= Exercise brief =
Read through the data, and wherever a line holds the word "gives", write that line out.

==*==

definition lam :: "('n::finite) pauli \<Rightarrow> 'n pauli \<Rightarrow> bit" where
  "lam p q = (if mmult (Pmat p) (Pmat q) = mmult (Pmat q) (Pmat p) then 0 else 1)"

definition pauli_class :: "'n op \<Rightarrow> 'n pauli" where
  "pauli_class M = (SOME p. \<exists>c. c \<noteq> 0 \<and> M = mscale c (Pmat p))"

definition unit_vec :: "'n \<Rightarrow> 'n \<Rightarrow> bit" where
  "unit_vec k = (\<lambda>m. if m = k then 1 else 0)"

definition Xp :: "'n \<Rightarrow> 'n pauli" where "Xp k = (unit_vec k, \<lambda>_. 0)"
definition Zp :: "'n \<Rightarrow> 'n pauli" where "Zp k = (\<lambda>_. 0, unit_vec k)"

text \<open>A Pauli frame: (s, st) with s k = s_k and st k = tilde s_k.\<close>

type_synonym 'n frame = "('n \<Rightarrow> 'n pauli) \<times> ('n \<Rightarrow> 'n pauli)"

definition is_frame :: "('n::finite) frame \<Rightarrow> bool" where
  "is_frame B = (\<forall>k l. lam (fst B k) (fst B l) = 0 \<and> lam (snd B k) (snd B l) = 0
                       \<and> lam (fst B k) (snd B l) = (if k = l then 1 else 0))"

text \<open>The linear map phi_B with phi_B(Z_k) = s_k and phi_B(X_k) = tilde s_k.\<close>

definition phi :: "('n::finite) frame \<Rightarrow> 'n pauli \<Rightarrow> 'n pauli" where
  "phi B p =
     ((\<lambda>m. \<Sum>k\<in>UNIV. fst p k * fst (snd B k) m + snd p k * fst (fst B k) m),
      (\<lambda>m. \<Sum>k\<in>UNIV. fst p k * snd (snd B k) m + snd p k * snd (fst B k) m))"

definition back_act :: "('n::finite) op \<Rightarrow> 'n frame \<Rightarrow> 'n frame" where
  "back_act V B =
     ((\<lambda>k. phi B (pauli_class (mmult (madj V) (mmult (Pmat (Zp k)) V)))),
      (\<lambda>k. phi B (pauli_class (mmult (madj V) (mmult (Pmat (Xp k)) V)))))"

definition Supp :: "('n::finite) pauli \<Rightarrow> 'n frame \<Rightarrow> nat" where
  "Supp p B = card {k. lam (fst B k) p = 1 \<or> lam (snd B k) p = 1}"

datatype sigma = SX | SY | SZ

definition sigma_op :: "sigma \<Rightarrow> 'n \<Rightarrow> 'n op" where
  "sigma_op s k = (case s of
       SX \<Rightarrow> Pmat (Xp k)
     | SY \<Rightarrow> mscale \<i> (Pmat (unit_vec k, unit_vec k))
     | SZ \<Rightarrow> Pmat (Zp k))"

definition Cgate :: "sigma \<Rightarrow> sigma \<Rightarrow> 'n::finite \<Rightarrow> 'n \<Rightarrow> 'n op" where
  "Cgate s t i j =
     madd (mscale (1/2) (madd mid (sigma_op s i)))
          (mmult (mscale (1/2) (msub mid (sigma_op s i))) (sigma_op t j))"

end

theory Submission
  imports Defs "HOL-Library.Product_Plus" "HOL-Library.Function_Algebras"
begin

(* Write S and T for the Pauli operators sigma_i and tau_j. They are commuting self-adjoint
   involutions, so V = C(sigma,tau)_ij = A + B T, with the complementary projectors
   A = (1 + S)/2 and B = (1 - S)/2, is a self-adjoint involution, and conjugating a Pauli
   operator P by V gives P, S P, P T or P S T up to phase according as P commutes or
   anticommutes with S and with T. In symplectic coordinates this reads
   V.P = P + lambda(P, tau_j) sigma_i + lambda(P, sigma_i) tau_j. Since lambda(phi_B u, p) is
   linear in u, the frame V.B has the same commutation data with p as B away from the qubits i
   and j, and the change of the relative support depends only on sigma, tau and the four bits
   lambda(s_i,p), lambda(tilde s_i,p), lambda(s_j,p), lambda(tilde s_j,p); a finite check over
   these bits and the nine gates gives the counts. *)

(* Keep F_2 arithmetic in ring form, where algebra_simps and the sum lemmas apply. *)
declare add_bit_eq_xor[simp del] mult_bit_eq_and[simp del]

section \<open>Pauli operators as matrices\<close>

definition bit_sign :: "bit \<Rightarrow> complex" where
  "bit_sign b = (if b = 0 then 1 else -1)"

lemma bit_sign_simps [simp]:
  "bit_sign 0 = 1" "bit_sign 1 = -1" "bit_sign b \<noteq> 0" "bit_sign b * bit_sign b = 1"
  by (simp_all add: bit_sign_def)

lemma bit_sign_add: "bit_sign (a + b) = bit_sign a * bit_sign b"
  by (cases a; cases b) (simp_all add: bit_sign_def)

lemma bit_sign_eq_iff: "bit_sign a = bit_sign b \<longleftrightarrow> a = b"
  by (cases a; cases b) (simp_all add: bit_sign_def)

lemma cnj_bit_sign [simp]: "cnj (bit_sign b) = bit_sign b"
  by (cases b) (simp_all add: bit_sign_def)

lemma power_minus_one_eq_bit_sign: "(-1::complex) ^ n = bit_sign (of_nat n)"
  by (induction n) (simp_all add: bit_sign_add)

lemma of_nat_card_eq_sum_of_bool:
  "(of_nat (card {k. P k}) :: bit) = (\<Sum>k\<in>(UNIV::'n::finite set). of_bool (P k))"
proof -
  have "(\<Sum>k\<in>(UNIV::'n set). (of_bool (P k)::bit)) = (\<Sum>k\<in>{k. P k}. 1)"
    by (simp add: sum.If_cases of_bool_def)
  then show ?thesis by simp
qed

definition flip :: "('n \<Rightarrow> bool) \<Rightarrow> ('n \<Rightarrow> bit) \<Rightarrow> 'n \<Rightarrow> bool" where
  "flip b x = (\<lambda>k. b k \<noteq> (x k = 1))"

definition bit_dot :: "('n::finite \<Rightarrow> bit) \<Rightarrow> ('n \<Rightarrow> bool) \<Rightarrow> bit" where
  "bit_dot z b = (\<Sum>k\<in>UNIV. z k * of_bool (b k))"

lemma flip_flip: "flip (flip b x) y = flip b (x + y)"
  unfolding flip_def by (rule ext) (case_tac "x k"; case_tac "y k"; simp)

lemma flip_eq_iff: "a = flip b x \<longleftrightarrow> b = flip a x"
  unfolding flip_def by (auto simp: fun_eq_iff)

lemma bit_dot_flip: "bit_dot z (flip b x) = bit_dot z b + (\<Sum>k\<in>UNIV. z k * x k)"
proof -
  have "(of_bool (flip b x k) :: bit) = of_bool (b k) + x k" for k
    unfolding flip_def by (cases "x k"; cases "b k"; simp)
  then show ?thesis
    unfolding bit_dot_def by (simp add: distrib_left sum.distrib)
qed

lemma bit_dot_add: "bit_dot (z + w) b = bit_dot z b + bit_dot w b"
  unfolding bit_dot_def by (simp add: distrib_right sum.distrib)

==*==

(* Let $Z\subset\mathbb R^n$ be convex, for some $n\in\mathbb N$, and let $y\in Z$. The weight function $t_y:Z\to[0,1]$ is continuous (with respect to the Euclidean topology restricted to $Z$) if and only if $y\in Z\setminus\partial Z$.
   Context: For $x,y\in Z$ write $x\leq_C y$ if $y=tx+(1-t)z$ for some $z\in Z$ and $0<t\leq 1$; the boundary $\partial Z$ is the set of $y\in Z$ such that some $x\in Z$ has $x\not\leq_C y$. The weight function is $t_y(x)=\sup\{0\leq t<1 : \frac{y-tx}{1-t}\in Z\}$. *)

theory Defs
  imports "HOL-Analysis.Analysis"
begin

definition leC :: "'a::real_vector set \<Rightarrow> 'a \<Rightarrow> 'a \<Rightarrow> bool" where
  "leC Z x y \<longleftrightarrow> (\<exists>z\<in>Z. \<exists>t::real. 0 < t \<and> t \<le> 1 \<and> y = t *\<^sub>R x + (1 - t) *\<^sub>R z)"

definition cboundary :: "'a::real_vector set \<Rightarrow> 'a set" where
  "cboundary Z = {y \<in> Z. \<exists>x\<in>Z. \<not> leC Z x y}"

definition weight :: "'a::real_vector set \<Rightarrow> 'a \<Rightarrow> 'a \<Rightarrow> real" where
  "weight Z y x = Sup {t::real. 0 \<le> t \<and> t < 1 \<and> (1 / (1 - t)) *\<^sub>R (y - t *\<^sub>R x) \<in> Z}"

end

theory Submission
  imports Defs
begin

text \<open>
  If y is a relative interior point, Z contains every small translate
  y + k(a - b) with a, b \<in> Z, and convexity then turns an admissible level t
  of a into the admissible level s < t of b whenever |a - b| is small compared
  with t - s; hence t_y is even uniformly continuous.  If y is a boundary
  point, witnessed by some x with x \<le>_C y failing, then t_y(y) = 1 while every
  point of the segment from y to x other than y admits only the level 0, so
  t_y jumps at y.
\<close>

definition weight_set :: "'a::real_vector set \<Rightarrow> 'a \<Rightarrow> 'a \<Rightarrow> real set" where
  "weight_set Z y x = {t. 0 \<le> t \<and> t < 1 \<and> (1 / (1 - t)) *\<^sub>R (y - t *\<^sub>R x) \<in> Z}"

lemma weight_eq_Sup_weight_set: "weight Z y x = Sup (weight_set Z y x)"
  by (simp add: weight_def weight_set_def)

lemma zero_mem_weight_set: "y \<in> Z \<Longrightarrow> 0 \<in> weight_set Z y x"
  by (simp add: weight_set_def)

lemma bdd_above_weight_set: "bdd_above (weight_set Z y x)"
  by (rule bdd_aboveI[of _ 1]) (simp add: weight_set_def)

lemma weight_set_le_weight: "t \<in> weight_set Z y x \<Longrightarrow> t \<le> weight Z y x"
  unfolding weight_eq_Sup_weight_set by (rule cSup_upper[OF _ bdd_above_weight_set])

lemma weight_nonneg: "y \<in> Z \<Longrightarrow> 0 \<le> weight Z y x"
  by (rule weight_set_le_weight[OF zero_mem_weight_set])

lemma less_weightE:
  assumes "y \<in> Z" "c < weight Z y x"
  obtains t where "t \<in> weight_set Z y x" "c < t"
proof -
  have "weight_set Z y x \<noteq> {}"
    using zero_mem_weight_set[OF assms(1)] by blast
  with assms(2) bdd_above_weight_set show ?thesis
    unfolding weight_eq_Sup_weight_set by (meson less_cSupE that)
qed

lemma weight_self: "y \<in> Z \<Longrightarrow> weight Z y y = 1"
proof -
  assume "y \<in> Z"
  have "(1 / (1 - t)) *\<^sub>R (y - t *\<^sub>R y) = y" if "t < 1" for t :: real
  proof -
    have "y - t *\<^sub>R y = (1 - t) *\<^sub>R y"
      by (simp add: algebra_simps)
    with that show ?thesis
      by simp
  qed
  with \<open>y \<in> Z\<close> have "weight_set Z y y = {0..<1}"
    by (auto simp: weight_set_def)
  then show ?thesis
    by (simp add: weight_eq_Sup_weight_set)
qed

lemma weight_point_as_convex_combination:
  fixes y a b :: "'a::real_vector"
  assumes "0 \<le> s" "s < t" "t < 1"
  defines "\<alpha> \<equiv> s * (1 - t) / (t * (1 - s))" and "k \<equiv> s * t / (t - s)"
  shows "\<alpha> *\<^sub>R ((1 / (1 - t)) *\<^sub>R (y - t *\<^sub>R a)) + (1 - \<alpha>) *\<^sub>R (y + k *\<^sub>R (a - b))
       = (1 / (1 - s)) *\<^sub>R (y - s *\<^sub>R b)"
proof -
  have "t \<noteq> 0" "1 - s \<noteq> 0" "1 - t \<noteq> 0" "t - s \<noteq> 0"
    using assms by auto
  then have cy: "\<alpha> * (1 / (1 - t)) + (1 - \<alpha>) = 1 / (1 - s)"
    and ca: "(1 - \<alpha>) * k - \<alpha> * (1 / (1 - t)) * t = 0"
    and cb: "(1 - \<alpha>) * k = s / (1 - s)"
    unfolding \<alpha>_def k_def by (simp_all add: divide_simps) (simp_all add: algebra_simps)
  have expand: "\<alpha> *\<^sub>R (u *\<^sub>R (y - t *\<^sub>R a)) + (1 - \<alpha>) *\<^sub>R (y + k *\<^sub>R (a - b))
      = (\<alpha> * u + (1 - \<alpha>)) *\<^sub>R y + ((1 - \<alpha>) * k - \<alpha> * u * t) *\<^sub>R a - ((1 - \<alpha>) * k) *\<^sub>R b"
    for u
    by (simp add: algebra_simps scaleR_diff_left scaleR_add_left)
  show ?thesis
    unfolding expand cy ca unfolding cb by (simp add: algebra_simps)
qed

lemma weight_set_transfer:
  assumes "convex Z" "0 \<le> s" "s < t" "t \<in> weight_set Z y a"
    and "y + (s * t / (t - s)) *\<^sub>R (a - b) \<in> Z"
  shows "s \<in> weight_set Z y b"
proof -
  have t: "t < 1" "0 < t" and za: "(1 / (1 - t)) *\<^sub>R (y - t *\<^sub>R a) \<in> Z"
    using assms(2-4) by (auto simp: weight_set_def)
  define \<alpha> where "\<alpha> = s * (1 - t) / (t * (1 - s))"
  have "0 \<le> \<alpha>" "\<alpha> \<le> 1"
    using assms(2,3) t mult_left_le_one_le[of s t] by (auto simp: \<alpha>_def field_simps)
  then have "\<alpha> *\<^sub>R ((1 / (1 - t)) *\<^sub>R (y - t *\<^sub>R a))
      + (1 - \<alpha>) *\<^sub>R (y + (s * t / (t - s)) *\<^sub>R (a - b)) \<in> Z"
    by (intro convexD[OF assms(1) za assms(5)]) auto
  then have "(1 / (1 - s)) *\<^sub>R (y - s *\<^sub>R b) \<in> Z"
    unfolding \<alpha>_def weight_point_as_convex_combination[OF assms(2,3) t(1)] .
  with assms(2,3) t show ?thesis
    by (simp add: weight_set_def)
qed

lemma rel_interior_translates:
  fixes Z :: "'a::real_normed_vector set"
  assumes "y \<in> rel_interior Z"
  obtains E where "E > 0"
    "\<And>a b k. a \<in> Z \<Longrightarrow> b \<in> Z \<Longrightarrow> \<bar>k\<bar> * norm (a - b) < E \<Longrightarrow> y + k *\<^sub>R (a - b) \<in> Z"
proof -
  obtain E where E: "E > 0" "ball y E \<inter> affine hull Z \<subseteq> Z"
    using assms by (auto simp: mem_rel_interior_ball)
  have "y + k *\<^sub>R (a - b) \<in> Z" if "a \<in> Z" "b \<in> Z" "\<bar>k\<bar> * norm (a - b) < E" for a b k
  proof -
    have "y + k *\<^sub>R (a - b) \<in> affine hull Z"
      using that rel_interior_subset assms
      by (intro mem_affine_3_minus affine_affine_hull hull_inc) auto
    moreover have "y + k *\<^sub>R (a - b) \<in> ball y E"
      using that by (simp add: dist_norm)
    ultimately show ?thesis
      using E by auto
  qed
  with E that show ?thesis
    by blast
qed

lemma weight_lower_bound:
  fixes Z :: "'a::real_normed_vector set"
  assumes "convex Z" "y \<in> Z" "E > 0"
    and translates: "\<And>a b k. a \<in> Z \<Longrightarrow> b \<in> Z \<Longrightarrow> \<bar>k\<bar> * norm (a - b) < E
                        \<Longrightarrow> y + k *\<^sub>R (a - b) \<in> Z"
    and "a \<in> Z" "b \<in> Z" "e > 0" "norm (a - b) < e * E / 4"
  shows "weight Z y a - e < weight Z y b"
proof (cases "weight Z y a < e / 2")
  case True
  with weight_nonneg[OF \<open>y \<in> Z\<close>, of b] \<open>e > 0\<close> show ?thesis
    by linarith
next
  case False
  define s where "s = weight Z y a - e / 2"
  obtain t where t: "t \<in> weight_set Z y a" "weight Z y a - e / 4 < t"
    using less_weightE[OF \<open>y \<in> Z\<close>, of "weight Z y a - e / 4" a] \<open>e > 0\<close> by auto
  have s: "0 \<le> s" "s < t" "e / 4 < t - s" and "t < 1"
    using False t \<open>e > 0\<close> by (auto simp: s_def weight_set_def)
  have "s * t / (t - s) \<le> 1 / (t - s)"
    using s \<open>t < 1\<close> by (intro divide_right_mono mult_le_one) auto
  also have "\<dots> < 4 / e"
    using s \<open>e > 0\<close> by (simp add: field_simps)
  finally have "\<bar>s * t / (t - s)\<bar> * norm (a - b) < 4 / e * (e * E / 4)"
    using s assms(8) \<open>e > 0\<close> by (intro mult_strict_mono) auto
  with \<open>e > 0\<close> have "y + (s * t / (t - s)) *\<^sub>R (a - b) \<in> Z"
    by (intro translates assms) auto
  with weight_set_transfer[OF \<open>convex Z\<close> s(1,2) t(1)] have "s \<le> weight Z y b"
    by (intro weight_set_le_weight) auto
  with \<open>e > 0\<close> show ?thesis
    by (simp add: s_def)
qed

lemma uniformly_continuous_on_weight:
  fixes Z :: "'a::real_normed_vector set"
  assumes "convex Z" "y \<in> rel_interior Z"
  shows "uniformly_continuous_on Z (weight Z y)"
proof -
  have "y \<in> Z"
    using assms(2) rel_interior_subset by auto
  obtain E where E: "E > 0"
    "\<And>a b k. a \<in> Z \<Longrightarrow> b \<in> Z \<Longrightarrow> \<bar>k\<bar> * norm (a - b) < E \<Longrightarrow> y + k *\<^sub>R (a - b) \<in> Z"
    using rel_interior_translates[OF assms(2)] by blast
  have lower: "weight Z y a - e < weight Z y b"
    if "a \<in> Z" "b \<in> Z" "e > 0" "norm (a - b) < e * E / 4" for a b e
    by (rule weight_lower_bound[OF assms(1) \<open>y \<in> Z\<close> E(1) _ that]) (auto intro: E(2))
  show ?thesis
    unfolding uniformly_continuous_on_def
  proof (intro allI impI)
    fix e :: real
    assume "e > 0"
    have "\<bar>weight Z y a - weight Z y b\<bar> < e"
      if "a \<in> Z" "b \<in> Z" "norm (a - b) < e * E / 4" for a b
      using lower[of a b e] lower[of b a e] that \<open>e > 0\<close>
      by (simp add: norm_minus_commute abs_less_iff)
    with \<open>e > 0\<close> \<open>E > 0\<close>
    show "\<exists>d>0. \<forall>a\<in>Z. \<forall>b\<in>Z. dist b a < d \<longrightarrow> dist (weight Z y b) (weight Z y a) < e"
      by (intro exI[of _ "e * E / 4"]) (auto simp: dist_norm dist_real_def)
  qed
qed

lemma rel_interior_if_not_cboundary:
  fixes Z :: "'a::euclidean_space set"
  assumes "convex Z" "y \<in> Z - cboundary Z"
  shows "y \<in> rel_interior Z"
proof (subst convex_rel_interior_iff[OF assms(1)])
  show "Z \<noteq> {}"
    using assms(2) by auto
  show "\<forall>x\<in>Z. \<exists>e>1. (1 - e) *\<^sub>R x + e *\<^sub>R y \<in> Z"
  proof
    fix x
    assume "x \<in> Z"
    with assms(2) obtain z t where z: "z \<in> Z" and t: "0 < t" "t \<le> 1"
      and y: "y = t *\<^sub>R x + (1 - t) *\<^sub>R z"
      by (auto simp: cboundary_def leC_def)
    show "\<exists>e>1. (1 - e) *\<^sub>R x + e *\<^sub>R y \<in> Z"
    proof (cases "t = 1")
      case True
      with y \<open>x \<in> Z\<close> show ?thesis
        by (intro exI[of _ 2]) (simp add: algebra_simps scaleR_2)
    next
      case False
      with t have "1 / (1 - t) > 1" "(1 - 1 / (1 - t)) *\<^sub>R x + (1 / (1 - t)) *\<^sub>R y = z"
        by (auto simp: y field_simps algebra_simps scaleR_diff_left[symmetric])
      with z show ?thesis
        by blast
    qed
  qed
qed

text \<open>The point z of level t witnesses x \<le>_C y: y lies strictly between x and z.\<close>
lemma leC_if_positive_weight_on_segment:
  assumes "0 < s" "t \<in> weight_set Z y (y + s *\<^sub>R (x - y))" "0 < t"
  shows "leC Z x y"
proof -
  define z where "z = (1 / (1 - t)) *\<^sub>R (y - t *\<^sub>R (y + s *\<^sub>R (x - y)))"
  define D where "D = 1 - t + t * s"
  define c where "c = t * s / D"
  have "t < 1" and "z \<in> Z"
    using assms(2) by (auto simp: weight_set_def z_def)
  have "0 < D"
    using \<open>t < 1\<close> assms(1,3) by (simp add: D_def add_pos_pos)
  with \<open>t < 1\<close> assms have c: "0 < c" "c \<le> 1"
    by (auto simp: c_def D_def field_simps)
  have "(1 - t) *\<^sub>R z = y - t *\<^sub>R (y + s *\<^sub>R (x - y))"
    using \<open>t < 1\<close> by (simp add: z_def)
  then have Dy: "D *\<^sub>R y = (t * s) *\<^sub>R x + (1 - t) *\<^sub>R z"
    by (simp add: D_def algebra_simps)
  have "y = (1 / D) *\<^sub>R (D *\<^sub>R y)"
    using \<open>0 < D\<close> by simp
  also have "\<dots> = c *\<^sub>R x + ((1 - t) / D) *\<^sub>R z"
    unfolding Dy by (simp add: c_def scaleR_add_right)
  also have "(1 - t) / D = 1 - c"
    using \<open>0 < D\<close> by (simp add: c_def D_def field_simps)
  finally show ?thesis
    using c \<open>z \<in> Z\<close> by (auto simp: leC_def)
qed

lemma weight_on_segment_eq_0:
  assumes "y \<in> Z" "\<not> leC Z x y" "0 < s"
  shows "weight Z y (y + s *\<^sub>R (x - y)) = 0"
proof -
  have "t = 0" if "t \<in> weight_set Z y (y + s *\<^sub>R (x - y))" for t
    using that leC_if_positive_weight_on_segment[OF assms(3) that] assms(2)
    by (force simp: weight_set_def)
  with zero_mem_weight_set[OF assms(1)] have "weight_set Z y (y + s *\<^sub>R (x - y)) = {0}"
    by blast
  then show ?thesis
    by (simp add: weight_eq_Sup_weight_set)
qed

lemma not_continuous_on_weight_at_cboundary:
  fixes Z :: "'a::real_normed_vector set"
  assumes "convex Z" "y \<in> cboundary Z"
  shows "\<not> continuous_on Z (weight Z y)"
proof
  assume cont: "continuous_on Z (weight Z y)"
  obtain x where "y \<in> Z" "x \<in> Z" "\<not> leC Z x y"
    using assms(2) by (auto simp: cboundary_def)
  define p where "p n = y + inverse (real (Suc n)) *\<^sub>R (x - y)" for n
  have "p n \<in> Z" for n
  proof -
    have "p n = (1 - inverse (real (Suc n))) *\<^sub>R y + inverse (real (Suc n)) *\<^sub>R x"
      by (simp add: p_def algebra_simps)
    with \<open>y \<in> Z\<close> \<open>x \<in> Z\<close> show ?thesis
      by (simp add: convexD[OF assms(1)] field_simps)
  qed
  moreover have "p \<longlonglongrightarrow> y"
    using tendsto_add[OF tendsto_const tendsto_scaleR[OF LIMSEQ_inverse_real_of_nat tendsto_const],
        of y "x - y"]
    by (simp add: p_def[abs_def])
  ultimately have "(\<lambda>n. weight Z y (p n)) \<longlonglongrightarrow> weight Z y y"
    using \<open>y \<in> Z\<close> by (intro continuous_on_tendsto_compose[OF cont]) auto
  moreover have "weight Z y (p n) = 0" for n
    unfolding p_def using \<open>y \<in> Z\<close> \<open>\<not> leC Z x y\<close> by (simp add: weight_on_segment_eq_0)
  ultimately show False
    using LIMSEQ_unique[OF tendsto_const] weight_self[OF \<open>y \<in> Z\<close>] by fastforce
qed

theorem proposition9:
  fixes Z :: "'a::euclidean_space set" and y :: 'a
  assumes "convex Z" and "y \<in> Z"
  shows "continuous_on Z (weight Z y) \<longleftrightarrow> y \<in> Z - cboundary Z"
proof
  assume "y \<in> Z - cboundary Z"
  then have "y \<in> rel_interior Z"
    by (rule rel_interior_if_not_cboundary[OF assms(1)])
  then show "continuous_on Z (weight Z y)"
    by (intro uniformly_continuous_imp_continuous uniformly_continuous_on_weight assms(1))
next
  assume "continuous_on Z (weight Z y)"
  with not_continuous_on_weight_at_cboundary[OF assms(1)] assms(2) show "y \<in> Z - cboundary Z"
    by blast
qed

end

==*==

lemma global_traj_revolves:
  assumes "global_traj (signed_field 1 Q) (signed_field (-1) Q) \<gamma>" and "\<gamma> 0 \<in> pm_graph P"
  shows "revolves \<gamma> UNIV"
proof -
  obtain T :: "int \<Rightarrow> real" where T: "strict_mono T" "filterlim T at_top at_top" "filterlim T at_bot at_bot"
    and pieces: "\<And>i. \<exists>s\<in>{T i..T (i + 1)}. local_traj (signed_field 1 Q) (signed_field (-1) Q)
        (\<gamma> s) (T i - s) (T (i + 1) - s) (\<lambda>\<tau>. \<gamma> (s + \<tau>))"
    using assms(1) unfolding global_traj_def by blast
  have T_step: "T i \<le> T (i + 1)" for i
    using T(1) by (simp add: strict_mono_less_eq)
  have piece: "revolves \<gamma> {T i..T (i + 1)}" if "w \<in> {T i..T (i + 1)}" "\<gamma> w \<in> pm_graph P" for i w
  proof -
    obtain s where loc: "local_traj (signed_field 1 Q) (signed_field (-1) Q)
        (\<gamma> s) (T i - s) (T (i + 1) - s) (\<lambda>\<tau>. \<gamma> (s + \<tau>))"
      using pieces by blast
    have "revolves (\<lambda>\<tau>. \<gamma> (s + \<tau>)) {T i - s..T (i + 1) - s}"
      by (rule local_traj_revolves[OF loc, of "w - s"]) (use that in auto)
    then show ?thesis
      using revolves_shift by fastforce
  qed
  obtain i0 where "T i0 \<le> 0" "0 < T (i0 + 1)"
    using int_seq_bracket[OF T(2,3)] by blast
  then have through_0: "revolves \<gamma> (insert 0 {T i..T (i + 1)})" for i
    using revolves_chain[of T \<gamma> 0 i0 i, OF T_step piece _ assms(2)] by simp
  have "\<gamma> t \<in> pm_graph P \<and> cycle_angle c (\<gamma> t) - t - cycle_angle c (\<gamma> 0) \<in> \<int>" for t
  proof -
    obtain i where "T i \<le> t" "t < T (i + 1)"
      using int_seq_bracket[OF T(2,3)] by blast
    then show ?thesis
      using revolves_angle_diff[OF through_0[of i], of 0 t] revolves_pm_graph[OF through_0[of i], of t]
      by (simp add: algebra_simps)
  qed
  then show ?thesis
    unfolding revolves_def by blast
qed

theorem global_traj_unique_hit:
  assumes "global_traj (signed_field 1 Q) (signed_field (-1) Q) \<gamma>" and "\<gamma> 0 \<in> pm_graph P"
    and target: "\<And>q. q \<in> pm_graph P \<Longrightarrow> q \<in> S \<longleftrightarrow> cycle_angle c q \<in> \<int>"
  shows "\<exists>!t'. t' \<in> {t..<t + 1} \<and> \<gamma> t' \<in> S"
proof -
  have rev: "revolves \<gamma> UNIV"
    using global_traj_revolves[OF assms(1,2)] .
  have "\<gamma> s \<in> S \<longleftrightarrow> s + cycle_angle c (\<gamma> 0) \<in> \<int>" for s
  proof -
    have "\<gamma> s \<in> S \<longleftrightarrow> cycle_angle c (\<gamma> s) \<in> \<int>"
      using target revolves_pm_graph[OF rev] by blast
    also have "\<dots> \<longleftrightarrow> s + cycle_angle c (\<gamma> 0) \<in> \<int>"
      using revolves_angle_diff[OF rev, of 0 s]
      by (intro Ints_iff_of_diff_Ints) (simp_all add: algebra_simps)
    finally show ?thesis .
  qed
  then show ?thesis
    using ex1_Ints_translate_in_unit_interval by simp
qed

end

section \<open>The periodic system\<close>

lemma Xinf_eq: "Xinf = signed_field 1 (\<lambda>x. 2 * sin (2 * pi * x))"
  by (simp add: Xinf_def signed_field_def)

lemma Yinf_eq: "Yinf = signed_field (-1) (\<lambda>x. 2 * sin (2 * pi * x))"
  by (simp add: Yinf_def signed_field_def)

==*==

= Response to this task =
   operator P by V gives P, S P, P T or P S T up to phase according as P commutes or
   these bits and the nine gates gives the counts. *)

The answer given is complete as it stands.